Prayer is another powerful response to world tragedies, and while we may feel helpless to do anything about the events, modeling a prayerful attitude will help children.

Sharon Jaynes, author of “Praying for Your Child from Head to Toe,” encourages parents to pray for their children along with praying for those suffering around the world.

“Even though they’re seeing atrocities on the television, they’re hearing parents talk about what’s going on,” Jaynes told CBN News. “Praying for calmness over our children, and praying that they will not be worried, but trust in the sovereignty of God in their own lives.”

She emphasized that parents should pray scripture over and with their children.

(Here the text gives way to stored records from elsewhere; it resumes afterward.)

lemma continuous_map_compact_open_compose:
  assumes g: "continuous_map Y Y' g"
  shows "continuous_map (compact_open X Y) (compact_open X Y') (\<lambda>f. restrict (g \<circ> f) (topspace X))"
proof (rule continuous_map_into_compact_open)
  show "(\<lambda>f. restrict (g \<circ> f) (topspace X)) ` topspace (compact_open X Y) \<subseteq> cmap_space X Y'"
  proof (clarsimp simp: topspace_compact_open)
    fix f assume "f \<in> cmap_space X Y"
    then have "continuous_map X Y' (g \<circ> f)"
      using g by (auto simp: cmap_space_def intro: continuous_map_compose)
    then show "restrict (g \<circ> f) (topspace X) \<in> cmap_space X Y'"
      by (auto simp: cmap_space_def elim: continuous_map_eq)
  qed
next
  fix K U assume K: "compactin X K" and U: "openin Y' U"
  have KX: "K \<subseteq> topspace X"
    using K by (rule compactin_subset_topspace)
  then have "f ` K \<subseteq> topspace Y" if "f \<in> cmap_space X Y" for f
    using that by (auto simp: cmap_space_def dest!: continuous_map_image_subset_topspace)
  with KX have "{f \<in> topspace (compact_open X Y). restrict (g \<circ> f) (topspace X) ` K \<subseteq> U}
      = {f \<in> cmap_space X Y. f ` K \<subseteq> {y \<in> topspace Y. g y \<in> U}}"
    by (auto simp: topspace_compact_open Int_absorb2)
  moreover have "openin Y {y \<in> topspace Y. g y \<in> U}"
    using g U by (rule openin_continuous_map_preimage)
  ultimately show "openin (compact_open X Y)
      {f \<in> topspace (compact_open X Y). restrict (g \<circ> f) (topspace X) ` K \<subseteq> U}"
    using openin_compact_open_subbasic[OF K] by simp
qed

lemma homeomorphic_maps_compact_open:
  assumes "homeomorphic_maps Y Y' g g'"
  shows "homeomorphic_maps (compact_open X Y) (compact_open X Y')
           (\<lambda>f. restrict (g \<circ> f) (topspace X)) (\<lambda>f. restrict (g' \<circ> f) (topspace X))"
proof -
  have inverse: "restrict (g' \<circ> restrict (g \<circ> f) (topspace X)) (topspace X) = f"
    if "homeomorphic_maps Y Y' g g'" "f \<in> cmap_space X Y" for g g' Y Y' f
    using that continuous_map_image_subset_topspace[of X Y f]
    by (fastforce simp: homeomorphic_maps_def cmap_space_def extensional_def fun_eq_iff)
  show ?thesis
    using assms inverse[OF assms] inverse[OF homeomorphic_maps_sym[THEN iffD1, OF assms]]
    by (auto simp: homeomorphic_maps_def topspace_compact_open continuous_map_compact_open_compose)
qed

lemma compact_open_subtopology:
  "compact_open X (subtopology Y S) = subtopology (compact_open X Y) (cmap_space X (subtopology Y S))"
proof -
  let ?CS = "cmap_space X (subtopology Y S)"
  have top: "topspace (subtopology (compact_open X Y) ?CS) = ?CS"
    by (auto simp: topspace_compact_open cmap_space_subtopology)
  have "continuous_map (compact_open X (subtopology Y S)) (compact_open X Y)
          (\<lambda>f. restrict (id \<circ> f) (topspace X))"
    by (rule continuous_map_compact_open_compose) (simp add: continuous_map_from_subtopology)
  then have "continuous_map (compact_open X (subtopology Y S)) (compact_open X Y) id"
    by (rule continuous_map_eq) (auto simp: topspace_compact_open cmap_space_def extensional_restrict)
  then have to_sub: "continuous_map (compact_open X (subtopology Y S)) (subtopology (compact_open X Y) ?CS) id"
    by (simp add: continuous_map_in_subtopology topspace_compact_open)
  have from_sub: "continuous_map (subtopology (compact_open X Y) ?CS) (compact_open X (subtopology Y S)) id"
  proof (rule continuous_map_into_compact_open)
    fix K V assume K: "compactin X K" and "openin (subtopology Y S) V"
    then obtain U where U: "openin Y U" and V: "V = U \<inter> S"
      by (auto simp: openin_subtopology)
    have "{f \<in> topspace (subtopology (compact_open X Y) ?CS). id f ` K \<subseteq> V}
        = ?CS \<inter> {f \<in> cmap_space X Y. f ` K \<subseteq> U}"
      using compactin_subset_topspace[OF K] by (auto simp: top V cmap_space_subtopology topspace_compact_open)
    then show "openin (subtopology (compact_open X Y) ?CS)
        {f \<in> topspace (subtopology (compact_open X Y) ?CS). id f ` K \<subseteq> V}"
      using openin_compact_open_subbasic[OF K U] by (simp add: openin_subtopology_Int2)
  qed (simp add: top)
  have "homeomorphic_map (compact_open X (subtopology Y S)) (subtopology (compact_open X Y) ?CS) id"
    using to_sub from_sub by (auto simp: homeomorphic_map_maps homeomorphic_maps_def)
  then show ?thesis by simp
qed
(* Let $\mu>0$ and let $\psi:(0,\infty)\times\mathbb T\to\mathbb R$ be such that $\psi_\beta$ exists and is $C^1$ on $(0,\infty)\times\mathbb T$, there are constants $0<m\le M$ with $-M\beta^{-2\mu}\le\psi_\beta(\beta,\phi)\le-m\beta^{-2\mu}$ for all $(\beta,\phi)$, and $\psi_{\beta\varphi}:=(\partial_\phi-\partial_\beta)\psi_\beta<0$ everywhere. Define $A(\beta,\phi)=(a(\beta,\phi),\beta+\phi)\in\mathbb R\times\mathbb T$ with $a=\frac12\log(-\psi_\beta/\mu)$, and $B(a,\theta)=(e^a\cos\theta,e^a\sin\theta)$. Then $T=B\circ A$ is a $C^1$-diffeomorphism from $(0,\infty)\times\mathbb T$ onto $\mathbb R^2\setminus\{0\}$.
   Context: $\mathbb T=\mathbb R/2\pi\mathbb Z$. *)

theory Defs
  imports "HOL-Analysis.Analysis"
begin

definition C1_on :: "'a::real_normed_vector set \<Rightarrow> ('a \<Rightarrow> 'b::real_normed_vector) \<Rightarrow> bool" where
  "C1_on S f \<longleftrightarrow> (\<exists>f'. (\<forall>x\<in>S. (f has_derivative blinfun_apply (f' x)) (at x)) \<and> continuous_on S f')"

text \<open>The map T = B o A, with phi lifted from the circle R/2piZ to R.\<close>
definition Tmap :: "real \<Rightarrow> (real \<Rightarrow> real \<Rightarrow> real) \<Rightarrow> real \<times> real \<Rightarrow> real \<times> real" where
  "Tmap \<mu> psib = (\<lambda>(b, p). let a = ln (- psib b p / \<mu>) / 2
      in (exp a * cos (b + p), exp a * sin (b + p)))"

end

theory Submission
  imports Defs
begin

text \<open>
  In polar coordinates T has radius sqrt (- psi_beta / mu) and angle beta + phi. On each
  antidiagonal beta + phi = theta the function beta \<mapsto> psi_beta (beta, theta - beta) has derivative
  - psi_beta_phi > 0, and by the power-law bounds it takes every negative value; so each point
  of the ray of angle theta is hit exactly once, up to the 2 pi-periodicity in phi. The Jacobian
  determinant of T is psi_beta_phi / (2 mu) \<noteq> 0, and the inverse function theorem gives
  C1 local inverses.
\<close>

section \<open>Linear maps of the plane given by their columns\<close>

definition blinfun_of_columns :: "real \<times> real \<Rightarrow> real \<times> real \<Rightarrow> (real \<times> real) \<Rightarrow>\<^sub>L (real \<times> real)" where
  "blinfun_of_columns u v = Blinfun (\<lambda>h. fst h *\<^sub>R u + snd h *\<^sub>R v)"
(* Let $i=\lambda y.y$, and let $x$, $k$ be distinct variables. Then $\langle (\langle x\,i\rangle)\,(\mathcal{S}k.i)\rangle \simeq_{\mathrm{ctx}} \langle (\langle x\,i\rangle)\,((\langle x\,i\rangle)\,(\mathcal{S}k.i))\rangle$, but these two terms are not normal form bisimilar, i.e. $\langle (\langle x\,i\rangle)\,(\mathcal{S}k.i)\rangle \not\sim \langle (\langle x\,i\rangle)\,((\langle x\,i\rangle)\,(\mathcal{S}k.i))\rangle$.
   Context: The calculus $\lambda_{\mathcal S}$. Terms: $t ::= x \mid \lambda x.t \mid t\,t \mid \mathcal{S}k.t \mid \langle t\rangle$ ($\mathcal{S}$ is shift, $\langle\cdot\rangle$ is reset); values: $v ::= \lambda x.t \mid x$. Binders: $\lambda x.t$ binds $x$, $\mathcal{S}k.t$ binds $k$; terms up to $\alpha$-conversion; $\mathrm{fv}$, capture-avoiding substitution $t\{v/x\}$. Pure contexts $F ::= [\,] \mid v\,F \mid F\,t$; evaluation contexts $E ::= [\,] \mid v\,E \mid E\,t \mid \langle E\rangle$; general contexts $C ::= [\,] \mid \lambda x.C \mid t\,C \mid C\,t \mid \mathcal{S}k.C \mid \langle C\rangle$ (hole-filling may capture). Reduction: $E[(\lambda x.t)\,v] \to E[t\{v/x\}]$; $E[\langle F[\mathcal{S}k.t]\rangle] \to E[\langle t\{\lambda x.\langle F[x]\rangle/k\}\rangle]$ ($x\notin\mathrm{fv}(F)$); $E[\langle v\rangle]\to E[v]$. $t\Downarrow t'$ iff $t\to^*t'$ and $t'$ irreducible. Stuck term: not a value and irreducible; normal form: value or stuck; control stuck terms: $F[\mathcal{S}k.t]$; open stuck terms: $E[x\,v]$. Fresh: not free in the terms/contexts considered. Contextual equivalence $\simeq_{\mathrm{ctx}}$: $t_0\simeq_{\mathrm{ctx}}t_1$ iff for all contexts $C$ with $C[t_0],C[t_1]$ closed, $C[t_0]$ evaluates to a value iff... more precisely: $C[t_0]\Downarrow$ a value implies $C[t_1]\Downarrow$ a value, $C[t_0]\Downarrow$ a control stuck term implies $C[t_1]\Downarrow$ a control stuck term, and conversely. Normal form bisimilarity $\sim$. For $\mathcal R$ on terms, extend to evaluation contexts: $E_0\mathrel{\mathcal R}E_1$ iff either $E_0=E_0'[\langle F_0\rangle]$, $E_1=E_1'[\langle F_1\rangle]$ ($F_i$ pure) with $E_0'[x]\mathrel{\mathcal R}E_1'[x]$ and $\langle F_0[x]\rangle\mathrel{\mathcal R}\langle F_1[x]\rangle$ for fresh $x$, or $E_0=F_0$, $E_1=F_1$ pure with $F_0[x]\mathrel{\mathcal R}F_1[x]$ for fresh $x$. $v\mathbin{@}y$ is $x\,y$ if $v=x$ and $t\{y/x\}$ if $v=\lambda x.t$. $\mathcal R^{\mathrm{nf}}$ on normal forms: $v_0\mathrel{\mathcal R^{\mathrm{nf}}}v_1$ if $v_0\mathbin{@}x\mathrel{\mathcal R}v_1\mathbin{@}x$ ($x$ fresh); $F_0[\mathcal{S}k.t_0]\mathrel{\mathcal R^{\mathrm{nf}}}F_1[\mathcal{S}k.t_1]$ if $F_0\mathrel{\mathcal R}F_1$ and $\langle t_0\rangle\mathrel{\mathcal R}\langle t_1\rangle$; $E_0[x\,v_0]\mathrel{\mathcal R^{\mathrm{nf}}}E_1[x\,v_1]$ if $E_0\mathrel{\mathcal R}E_1$ and $v_0\mathrel{\mathcal R^{\mathrm{nf}}}v_1$. $\mathcal R$ is a normal form simulation if $t_0\mathrel{\mathcal R}t_1$, $t_0\Downarrow t_0'$ imply $t_1\Downarrow t_1'$ with $t_0'\mathrel{\mathcal R^{\mathrm{nf}}}t_1'$; a bisimulation if $\mathcal R$ and $\mathcal R^{-1}$ are simulations; $\sim$ is the largest normal form bisimulation. *)

theory Defs
  imports Main
begin

section \<open>Syntax of lambda_S (de Bruijn indices: terms are taken up to alpha-conversion)\<close>

text \<open>Var i is a variable (de Bruijn index); Lam t is lambda x.t (binds index 0 in t);
  Sft t is shift k.t (binds k as index 0 in t); Rst t is reset.\<close>

datatype trm = Var nat | Lam trm | App trm trm | Sft trm | Rst trm

fun is_val :: "trm \<Rightarrow> bool" where
  "is_val (Var _) = True"
| "is_val (Lam _) = True"
| "is_val _ = False"

text \<open>Free variables (loose indices, expressed w.r.t. the outermost level).\<close>
fun fv :: "trm \<Rightarrow> nat set" where
  "fv (Var i) = {i}"
| "fv (Lam t) = (\<lambda>i. i - 1) ` (fv t - {0})"
| "fv (App t u) = fv t \<union> fv u"
| "fv (Sft t) = (\<lambda>i. i - 1) ` (fv t - {0})"
| "fv (Rst t) = fv t"

definition closed :: "trm \<Rightarrow> bool" where
  "closed t \<longleftrightarrow> fv t = {}"

fun lift :: "nat \<Rightarrow> trm \<Rightarrow> trm" where
  "lift k (Var i) = (if i < k then Var i else Var (Suc i))"
| "lift k (Lam t) = Lam (lift (Suc k) t)"
| "lift k (App t u) = App (lift k t) (lift k u)"
| "lift k (Sft t) = Sft (lift (Suc k) t)"
| "lift k (Rst t) = Rst (lift k t)"

text \<open>Capture-avoiding substitution: subst t k s replaces index k by s and
  decrements the indices above k (the binder of k is removed).\<close>
fun subst :: "trm \<Rightarrow> nat \<Rightarrow> trm \<Rightarrow> trm" where
  "subst (Var i) k s = (if k < i then Var (i - 1) else if i = k then s else Var i)"
| "subst (Lam t) k s = Lam (subst t (Suc k) (lift 0 s))"
| "subst (App t u) k s = App (subst t k s) (subst u k s)"
| "subst (Sft t) k s = Sft (subst t (Suc k) (lift 0 s))"
| "subst (Rst t) k s = Rst (subst t k s)"

datatype ectx = EHole | EAppR trm ectx | EAppL ectx trm | ERst ectx

fun plugE :: "ectx \<Rightarrow> trm \<Rightarrow> trm" where
  "plugE EHole t = t"
| "plugE (EAppR v E) t = App v (plugE E t)"
| "plugE (EAppL E u) t = App (plugE E t) u"
| "plugE (ERst E) t = Rst (plugE E t)"

fun ectx_ok :: "ectx \<Rightarrow> bool" where
  "ectx_ok EHole = True"
| "ectx_ok (EAppR v E) = (is_val v \<and> ectx_ok E)"
| "ectx_ok (EAppL E u) = ectx_ok E"
| "ectx_ok (ERst E) = ectx_ok E"

fun pure :: "ectx \<Rightarrow> bool" where
  "pure EHole = True"
| "pure (EAppR v E) = (is_val v \<and> pure E)"
| "pure (EAppL E u) = pure E"
| "pure (ERst E) = False"

fun compE :: "ectx \<Rightarrow> ectx \<Rightarrow> ectx" where
  "compE EHole E' = E'"
| "compE (EAppR v E) E' = EAppR v (compE E E')"
| "compE (EAppL E u) E' = EAppL (compE E E') u"
| "compE (ERst E) E' = ERst (compE E E')"

fun liftE :: "nat \<Rightarrow> ectx \<Rightarrow> ectx" where
  "liftE k EHole = EHole"
| "liftE k (EAppR v E) = EAppR (lift k v) (liftE k E)"
| "liftE k (EAppL E u) = EAppL (liftE k E) (lift k u)"
| "liftE k (ERst E) = ERst (liftE k E)"

fun fvE :: "ectx \<Rightarrow> nat set" where
  "fvE EHole = {}"
| "fvE (EAppR v E) = fv v \<union> fvE E"
| "fvE (EAppL E u) = fvE E \<union> fv u"
| "fvE (ERst E) = fvE E"

inductive contr :: "trm \<Rightarrow> trm \<Rightarrow> bool" where
  beta: "is_val v \<Longrightarrow> contr (App (Lam t) v) (subst t 0 v)"
| shift: "pure F \<Longrightarrow>
     contr (Rst (plugE F (Sft t)))
           (Rst (subst t 0 (Lam (Rst (plugE (liftE 0 F) (Var 0))))))"
| reset: "is_val v \<Longrightarrow> contr (Rst v) v"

Verses like Deuteronomy 31:8, Psalm 23 and Psalm 34:4 all talk about trusting God even through difficult situations.

To limit kids’ exposure to the graphic content from the war in Israel spreading across social media, some schools are suggesting parents remove their kids’ access to social media.

Movieguide® previously reported:

As the war in Israel continues, American and Israeli schools are urging parents to have their kids delete TikTok and Instagram as Hamas, a terrorist organization, is threatening to upload graphic and disturbing videos.

It is common that “videos showing pleas, violence and even killings are a common tactic by terrorist groups that take hostages. Israel says about 150 people are being held hostage, including women, children and the elderly. Hamas has warned that it would execute hostages in response to strikes in Gaza,” Times of Israel wrote.

Forbes reported that one school sent a message to parents: “Dear Parents: We have been notified that soon there will be videos of the hostages begging for their lives. Please delete TikTok from your children’s phones. We cannot allow our children to see them.”

“It’s hard for us, it’s impossible for us, to digest all of the content displayed on various social networks,” the message continued.